■ About this task
In the records below, find the line that contains "(\<ge>) xs \<Longrightarrow>" and the line that contains "m) = N_mark". Set down exactly those lines and every line between them, and nothing more.

++++++++++++++++++++

lemma not_one_marked_within_2_below_even:
  assumes "sorted_wrt (\<ge>) xs" and "even a" and "b < a" and "a \<le> b + 2" and "one_marked xs a"
  shows "\<not> one_marked xs b"
proof
  assume "one_marked xs b"
  then obtain i where i: "i < length xs" "int (xs ! i) = b" "gg xs ! i = 1"
    unfolding one_marked_def by blast
  obtain j where j: "j < length xs" "int (xs ! j) = a" "gg xs ! j = 1"
    using assms(5) unfolding one_marked_def by blast
  have "gg_conflict xs j i"
    using assms i j by (intro gg_conflict_if_even) auto
  then show False
    using gg_nth_neq_if_conflict i(3) j(3) by metis
qed

lemma C_less_sorted: "C_less k r p t xs \<Longrightarrow> sorted_wrt (\<ge>) xs"
  unfolding C_less_def C_kr_def is_partition_def by blast

lemma set_marked_parts: "set (marked_parts xs m) = {xs ! j | j. j < length xs \<and> gg xs ! j = m}"
  unfolding marked_parts_def by auto

lemma sorted_marked_parts: "sorted_wrt (\<ge>) xs \<Longrightarrow> sorted_wrt (\<ge>) (marked_parts xs m)"
  unfolding marked_parts_def sorted_wrt_map
  by (rule sorted_wrt_filter) (simp add: sorted_wrt_iff_nth_less)

lemma length_marked_parts: "length (marked_parts xs m) = N_mark xs m"
  unfolding marked_parts_def N_mark_def by simp

lemma mpe_cases: "mpe xs m b = \<infinity> \<or> mpe xs m b = -\<infinity> \<or> mpe xs m b = ereal (real (mp xs m b))"
  unfolding mpe_def by auto

lemma mpe_antimono:
  assumes "sorted_wrt (\<ge>) xs" and "b \<le> b'"
  shows "mpe xs m b' \<le> mpe xs m b"
proof -
  have "mp xs m b' \<le> mp xs m b" if "1 \<le> b" "b' \<le> N_mark xs m"
    using that assms sorted_wrt_ge_nth_antimono[OF sorted_marked_parts[OF assms(1)], of "b - 1" "b' - 1" m]
    unfolding mp_def length_marked_parts by simp
  then show ?thesis
    using assms(2) unfolding mpe_def by auto
qed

++++++++++++++++++++

■ Task answer
lemma sorted_marked_parts: "sorted_wrt (\<ge>) xs \<Longrightarrow> sorted_wrt (\<ge>) (marked_parts xs m)"
  unfolding marked_parts_def sorted_wrt_map
  by (rule sorted_wrt_filter) (simp add: sorted_wrt_iff_nth_less)

lemma length_marked_parts: "length (marked_parts xs m) = N_mark xs m"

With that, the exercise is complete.